Jacobs Media’s just-released AQ6 data shows 77% of air talent are worried AI will lead to on-air jobs being lost. That’s up 1% from last year. There’s a reason why agents and unions are building protective clauses into the contracts of talent and workers to shield them from bad-faith uses of generative AI.

Some days it feels like the industries safest from AI replacements are ditch diggers and plumbers.

During my Production Director days, if someone had given me the choice of having an AI bot to take care of affidavits or one to write complete commercials for me, I would have chosen affidavits in a heartbeat. (Some have the “dead air” dreams. Me? Endless affidavit nightmares.) They’re important, but not what I joined radio to do. I would have happily traded all the time I spent selecting (Y) for time to think of new copy that made my AEs nervous.
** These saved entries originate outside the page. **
text \<open>Symmetrizing under \<open>x \<mapsto> - x\<close> removes the linear term and the odd part of \<open>T\<close>. The
  substitution \<open>x = 2 arcsin (s sin (t / 2))\<close> with \<open>s = sin (b / 4)\<close> maps every \<open>t\<close> into
  \<open>[- b / 2, b / 2]\<close> and turns \<open>cos x\<close> into \<open>1 - s\<^sup>2 + s\<^sup>2 cos t\<close>, so a deviation \<open>\<epsilon>\<close>
  on \<open>[- b, b]\<close> yields a uniform approximation of \<open>\<bar>x (t)\<bar> + k\<close> within \<open>\<epsilon>\<close> by a polynomial
  of degree \<open>n\<close> in \<open>cos t\<close>. With \<open>h = 2 \<pi> / N\<close>, \<open>N = 40 n\<close> and the de la Vallee Poussin
  kernel \<open>V\<^sub>n\<close>, the functional \<open>\<Delta>\<^sub>h\<^sup>2 F (0) - N\<^sup>-\<^sup>1 \<Sum>\<^sub>j V\<^sub>n (j h) \<Delta>\<^sub>h\<^sup>2 F (j h)\<close> kills such
  cosine polynomials and is at most \<open>16 \<epsilon>\<close> on the error, while the concavity of \<open>x (t)\<close> on
  \<open>[0, 2 \<pi>]\<close> makes it at least \<open>x (h) \<ge> 4 s / N\<close> on \<open>\<bar>x (t)\<bar>\<close>.\<close>

section \<open>Fejer and de la Vallee Poussin kernels\<close>

lemma sum_cos_equidistant:
  fixes q :: int
  assumes N: "N > 0"
  shows "(\<Sum>j<N. cos (of_int q * (real j * (2 * pi / real N)))) = (if int N dvd q then real N else 0)"
proof (cases "int N dvd q")
  case True
  then obtain m where q: "q = int N * m" by (auto elim: dvdE)
  have "cos (of_int q * (real j * (2 * pi / real N))) = 1" for j
    unfolding cos_one_2pi_int using N
    by (intro exI[of _ "m * int j"]) (simp add: q field_simps)
  then show ?thesis using True by simp
next
  case False
  define z where "z = cis (of_int q * (2 * pi / real N))"
  have z_power: "z ^ j = cis (of_int q * (real j * (2 * pi / real N)))" for j
    unfolding z_def Complex.DeMoivre by (simp add: algebra_simps)
  have "z ^ N = cis (2 * pi * of_int q)"
    unfolding z_power by (rule arg_cong[where f = cis]) (use N in simp)
  then have "z ^ N = 1" by simp
  moreover have "z \<noteq> 1"
  proof
    assume "z = 1"
    then have "cos (of_int q * (2 * pi / real N)) = 1"
      unfolding z_def by (metis cis.sel(1) one_complex.sel(1))
    then obtain m :: int where "of_int q * (2 * pi / real N) = of_int m * 2 * pi"
      using cos_one_2pi_int by blast
    then have "real_of_int q = of_int (m * int N)"
      using N by (simp add: field_simps)
    then show False using False by (metis dvd_triv_right of_int_eq_iff)
  qed
  ultimately have "(\<Sum>j<N. z ^ j) = 0" by (simp add: sum_gp_strict)
  then have "Re (\<Sum>j<N. z ^ j) = 0" by simp
  then show ?thesis using False by (simp add: z_power)
qed

text \<open>In complex form this is \<open>\<bar>\<Sum>k\<le>m. e\<^sup>i\<^sup>k\<^sup>t\<bar>\<^sup>2 / (m + 1) = \<Sum>\<bar>p\<bar>\<le>m. (1 - \<bar>p\<bar> / (m + 1)) e\<^sup>i\<^sup>p\<^sup>t\<close>.\<close>
definition fejer_kernel :: "nat \<Rightarrow> real \<Rightarrow> real" where
  "fejer_kernel m t = ((\<Sum>k\<le>m. cos (real k * t))\<^sup>2 + (\<Sum>k\<le>m. sin (real k * t))\<^sup>2) / real (m + 1)"

lemma fejer_kernel_eq_double_sum:
  "fejer_kernel m t = (\<Sum>k\<le>m. \<Sum>l\<le>m. cos ((real k - real l) * t)) / real (m + 1)"
  unfolding fejer_kernel_def
  by (simp add: power2_eq_square sum_product sum.distrib[symmetric] cos_diff left_diff_distrib)

lemma fejer_kernel_nonneg: "fejer_kernel m t \<ge> 0"
  unfolding fejer_kernel_def by simp
lemma value_fn_eq_mrp_value:
  fixes P :: "'s::finite \<Rightarrow> 'a::finite \<Rightarrow> 's pmf"
  shows "value_fn \<nu> P r H \<pi>
       = measure_pmf.expectation \<nu> (mrp_value (\<lambda>s. P s (\<pi> s)) (\<lambda>s. r s (\<pi> s)) H)"
  by (simp add: value_fn_def traj_law_def expectation_bind_pmf_finite expectation_ret_traj)

lemma expectation_synthetic_return:
  fixes P :: "'x::finite \<times> 'e::finite \<Rightarrow> 'a::finite \<Rightarrow> ('x \<times> 'e) pmf"
  shows "measure_pmf.expectation (bind_pmf (traj_law \<nu> P \<pi>b H)
           (\<lambda>\<tau>. bind_pmf (synth_traj \<pi> Phat \<tau>) (\<lambda>\<tau>'. return_pmf (\<tau>, \<tau>')))) (\<lambda>D. ret r (snd D))
       = measure_pmf.expectation \<nu> (\<lambda>s.
           mrp_value (synth_kernel P \<pi>b \<pi> Phat) (synth_reward r \<pi>) H (s, snd s))"
proof -
  have "measure_pmf.expectation (traj P \<pi>b H s)
          (\<lambda>\<tau>. measure_pmf.expectation (synth_traj \<pi> Phat \<tau>) (ret r))
      = measure_pmf.expectation (traj P \<pi>b H s)
          (\<lambda>\<tau>. measure_pmf.expectation (synth_along \<pi> Phat (snd s) \<tau>) (ret r))" for s
    by (intro integral_cong_AE AE_pmfI) (simp_all add: synth_traj_eq_synth_along)
  then show ?thesis
    by (simp add: traj_law_def bind_assoc_pmf expectation_bind_pmf_finite
        expectation_ret_synth_along_traj)
qed

lemma synthetic_return_bias:
  fixes Pexo :: "'x::finite \<Rightarrow> 'a::finite \<Rightarrow> 'x pmf" and Pend Phat :: "'x \<times> 'e::finite \<Rightarrow> 'a \<Rightarrow> 'e pmf"
  assumes reward: "\<And>s a. 0 \<le> r s a \<and> r s a \<le> rmax"
    and air: "AIR eps_air Pexo"
    and model: "\<And>s a. tv_dist (Pend s a) (Phat s a) \<le> eps_p"
  shows "\<bar>measure_pmf.expectation (bind_pmf (traj_law \<nu> (trans Pexo Pend) \<pi>b H)
             (\<lambda>\<tau>. bind_pmf (synth_traj \<pi> Phat \<tau>) (\<lambda>\<tau>'. return_pmf (\<tau>, \<tau>')))) (\<lambda>D. ret r (snd D))
           - value_fn \<nu> (trans Pexo Pend) r H \<pi>\<bar>
       \<le> real H * real H * rmax * (eps_air + eps_p)"
proof -
  let ?P = "trans Pexo Pend"
  let ?W = "mrp_value (synth_kernel ?P \<pi>b \<pi> Phat) (synth_reward r \<pi>) H"
  let ?V = "mrp_value (\<lambda>s. ?P s (\<pi> s)) (\<lambda>s. r s (\<pi> s)) H"
  have error_nonneg: "0 \<le> eps_air + eps_p"
    using air model tv_dist_nonneg unfolding AIR_def by (meson add_nonneg_nonneg order_trans)
  have "\<bar>?W z - ?V (synth_state z)\<bar> \<le> real H * real H * rmax * (eps_air + eps_p)" for z
    by (rule mrp_value_simulation)
       (use reward synth_kernel_step[where Pend = Pend and Phat = Phat, OF air model] error_nonneg
         in \<open>simp_all add: synth_reward_def\<close>)
  then have "\<bar>measure_pmf.expectation \<nu> (\<lambda>s. ?W (s, snd s) - ?V s) - 0\<bar>
      \<le> real H * real H * rmax * (eps_air + eps_p)"
    by (intro abs_expectation_diff_le) (auto simp: synth_state_def)
  then show ?thesis
    by (simp add: expectation_synthetic_return value_fn_eq_mrp_value)
qed

lemma iid_eq_map_Pi_pmf:
  "iid N p = map_pmf (\<lambda>f. map f [k..<k + N]) (Pi_pmf {k..<k + N} d (\<lambda>_. p))"
proof (induction N arbitrary: k)
  case 0
  then show ?case by simp
next
  case (Suc N)
  have interval: "{k..<k + Suc N} = insert k {Suc k..<Suc k + N}"
    by auto
  have cons: "map (f(k := y)) [k..<k + Suc N] = y # map f [Suc k..<Suc k + N]" for f y
    by (simp add: upt_conv_Cons)
  have "Pi_pmf (insert k {Suc k..<Suc k + N}) d (\<lambda>_. p)
      = p \<bind> (\<lambda>y. Pi_pmf {Suc k..<Suc k + N} d (\<lambda>_. p) \<bind> (\<lambda>f. return_pmf (f(k := y))))"
    by (rule Pi_pmf_insert') auto
  then show ?case
    unfolding interval
    by (simp only: map_bind_pmf map_return_pmf cons iid.simps Suc.IH[of "Suc k"] bind_map_pmf)
qed

lemma hoeffding_Pi_pmf:
  fixes p :: "'b pmf" and g :: "'b \<Rightarrow> real"
  assumes g: "\<And>x. x \<in> set_pmf p \<Longrightarrow> 0 \<le> g x \<and> g x \<le> B"
    and "0 < B" "0 < N" "0 \<le> \<epsilon>"
  shows "measure_pmf.prob (Pi_pmf {..<N} d (\<lambda>_. p))
           {f. \<epsilon> \<le> \<bar>(\<Sum>i<N. g (f i)) - real N * measure_pmf.expectation p g\<bar>}
       \<le> 2 * exp (-2 * \<epsilon>\<^sup>2 / (real N * B\<^sup>2))"
proof -
  define M where "M = Pi_pmf {..<N} d (\<lambda>_. p)"
  have component: "map_pmf (\<lambda>f. f i) M = p" if "i < N" for i
    using that by (simp add: M_def Pi_pmf_component)
  have support: "f i \<in> set_pmf p" if "f \<in> set_pmf M" "i < N" for f i
    using that by (auto simp: M_def set_Pi_pmf PiE_dflt_def)
  interpret Hoeffding_ineq "measure_pmf M" "{..<N}" "\<lambda>i f. g (f i)" "\<lambda>_. 0" "\<lambda>_. B"
    "\<Sum>i<N. measure_pmf.expectation M (\<lambda>f. g (f i))"
  proof unfold_locales
    show "prob_space.indep_vars (measure_pmf M) (\<lambda>_. borel) (\<lambda>i f. g (f i)) {..<N}"
      unfolding M_def
      by (rule prob_space.indep_vars_compose2[OF measure_pmf.prob_space_axioms indep_vars_Pi_pmf])
         auto
  qed (use support g in \<open>auto intro!: AE_pmfI\<close>)
  have "measure_pmf.expectation M (\<lambda>f. g (f i)) = measure_pmf.expectation p g" if "i < N" for i
    using integral_map_pmf[of "\<lambda>f. f i" M g, symmetric] component[OF that] by simp
  then have "(\<Sum>i<N. measure_pmf.expectation M (\<lambda>f. g (f i))) = real N * measure_pmf.expectation p g"
    by simp
  then show ?thesis
    using Hoeffding_ineq_abs_ge[OF \<open>0 \<le> \<epsilon>\<close>] \<open>0 < B\<close> \<open>0 < N\<close> by (simp add: M_def)
qed

lemma hoeffding_Pi_pmf_mean:
  fixes p :: "'b pmf" and g :: "'b \<Rightarrow> real"
  assumes g: "\<And>x. x \<in> set_pmf p \<Longrightarrow> 0 \<le> g x \<and> g x \<le> B"
    and N: "0 < N" and \<zeta>: "0 < \<zeta>" "\<zeta> < 1"
  shows "measure_pmf.prob (Pi_pmf {..<N} d (\<lambda>_. p))
           {f. B * sqrt (ln (2 / \<zeta>) / (2 * real N))
                 < \<bar>(1 / real N) * (\<Sum>i<N. g (f i)) - measure_pmf.expectation p g\<bar>}
       \<le> \<zeta>"
proof -
  define t where "t = sqrt (ln (2 / \<zeta>) / (2 * real N))"
  define \<mu> where "\<mu> = measure_pmf.expectation p g"
  define M where "M = Pi_pmf {..<N} d (\<lambda>_. p)"
  define dev where "dev f = \<bar>(1 / real N) * (\<Sum>i<N. g (f i)) - \<mu>\<bar>" for f
  have "measure_pmf.prob M {f. B * t < dev f} \<le> \<zeta>"
  proof (cases "B = 0")
    case True
    then have "g x = 0" if "x \<in> set_pmf p" for x
      using g that by force
    then have "dev f = 0" if "f \<in> set_pmf M" for f
      using that
      by (simp add: dev_def \<mu>_def M_def set_Pi_pmf PiE_dflt_def integral_eq_zero_AE AE_pmfI)
    then have "measure_pmf.prob M {f. B * t < dev f} = 0"
      using True by (auto simp: measure_pmf_zero_iff)
    with \<zeta> show ?thesis by simp
  next
    case False
    obtain x where "x \<in> set_pmf p"
      using set_pmf_not_empty[of p] by blast
    with g False have "0 < B"
      by force
    have "0 < ln (2 / \<zeta>)"
      using \<zeta> by simp
    then have t2: "t\<^sup>2 = ln (2 / \<zeta>) / (2 * real N)" and "0 \<le> t"
      using N by (simp_all add: t_def)
    have "{f. B * t < dev f} \<subseteq> {f. real N * B * t \<le> \<bar>(\<Sum>i<N. g (f i)) - real N * \<mu>\<bar>}"
      using N by (auto simp: dev_def field_simps)
    then have "measure_pmf.prob M {f. B * t < dev f}
        \<le> measure_pmf.prob M {f. real N * B * t \<le> \<bar>(\<Sum>i<N. g (f i)) - real N * \<mu>\<bar>}"
      by (rule measure_pmf.finite_measure_mono) simp
    also have "\<dots> \<le> 2 * exp (-2 * (real N * B * t)\<^sup>2 / (real N * B\<^sup>2))"
      unfolding M_def \<mu>_def using g \<open>0 < B\<close> N \<open>0 \<le> t\<close> by (intro hoeffding_Pi_pmf) auto
    also have "-2 * (real N * B * t)\<^sup>2 / (real N * B\<^sup>2) = - ln (2 / \<zeta>)"
      using \<open>0 < B\<close> N t2 by (simp add: power_mult_distrib power2_eq_square field_simps)
    also have "2 * exp (- ln (2 / \<zeta>)) = \<zeta>"
      using \<zeta> by (simp add: exp_minus)
    finally show ?thesis .
  qed
  then show ?thesis
    by (simp add: M_def dev_def t_def \<mu>_def)
qed

lemma hoeffding_iid_mean:
  fixes p :: "'b pmf" and g :: "'b \<Rightarrow> real"
  assumes "\<And>x. x \<in> set_pmf p \<Longrightarrow> 0 \<le> g x \<and> g x \<le> B"
    and "0 < N" "0 < \<zeta>" "\<zeta> < 1"
  shows "1 - \<zeta> \<le> measure_pmf.prob (iid N p)
           {D. \<bar>(1 / real N) * (\<Sum>i<N. g (D ! i)) - measure_pmf.expectation p g\<bar>
                 \<le> B * sqrt (ln (2 / \<zeta>) / (2 * real N))}"
proof -
  define M where "M = Pi_pmf {..<N} undefined (\<lambda>_. p)"
  define close where "close = {f. \<bar>(1 / real N) * (\<Sum>i<N. g (f i)) - measure_pmf.expectation p g\<bar>
    \<le> B * sqrt (ln (2 / \<zeta>) / (2 * real N))}"
  have "iid N p = map_pmf (\<lambda>f. map f [0..<N]) M"
    using iid_eq_map_Pi_pmf[of N p 0 undefined] by (simp add: M_def atLeast0LessThan)
  then have "measure_pmf.prob (iid N p)
      {D. \<bar>(1 / real N) * (\<Sum>i<N. g (D ! i)) - measure_pmf.expectation p g\<bar>
            \<le> B * sqrt (ln (2 / \<zeta>) / (2 * real N))}
    = measure_pmf.prob M close"
    by (simp add: close_def vimage_def)
  moreover have "measure_pmf.prob M close = 1 - measure_pmf.prob M (UNIV - close)"
    by (subst measure_pmf.prob_compl[symmetric]) (simp_all add: Diff_Diff_Int)
  moreover have "measure_pmf.prob M (UNIV - close) \<le> \<zeta>"
    using hoeffding_Pi_pmf_mean[OF assms] by (simp add: M_def close_def set_diff_eq not_le)
  ultimately show ?thesis
    by linarith
qed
It’s only a matter of time until a group okays an AI-generated spec spot to go straight to air after the client says yes to the idea. And I don’t blame the companies that create those products for the loss – the blame would lay on those that would take the final shortcut. The same goes for air talent. There’s a difference between, “We can’t afford a hire,” and, “Why should we pay for a hire?”

Why should I pay my hard-earned money to go see the latest blockbuster in a movie theater, when I can just pirate it on my computer at home? Well, not only is it a higher quality experience for the audience, but it supports the entire chain that creates that content in the first place.

Am I anti-AI? Not at all. There are phenomenal ways AI assists creatives – assists being the keyword. I simply think it would be a travesty if we all looked up from our prompt boxes ten years from now and realized we had left the fun parts of radio up to a machine. Creating a good commercial is fun. Hitting post is fun. The humanity of radio is fun.

We shouldn’t fear AI, but we should all fear the day we choose to completely automate the creative process.

Cameron Coats is the Online Editor for Radio Ink.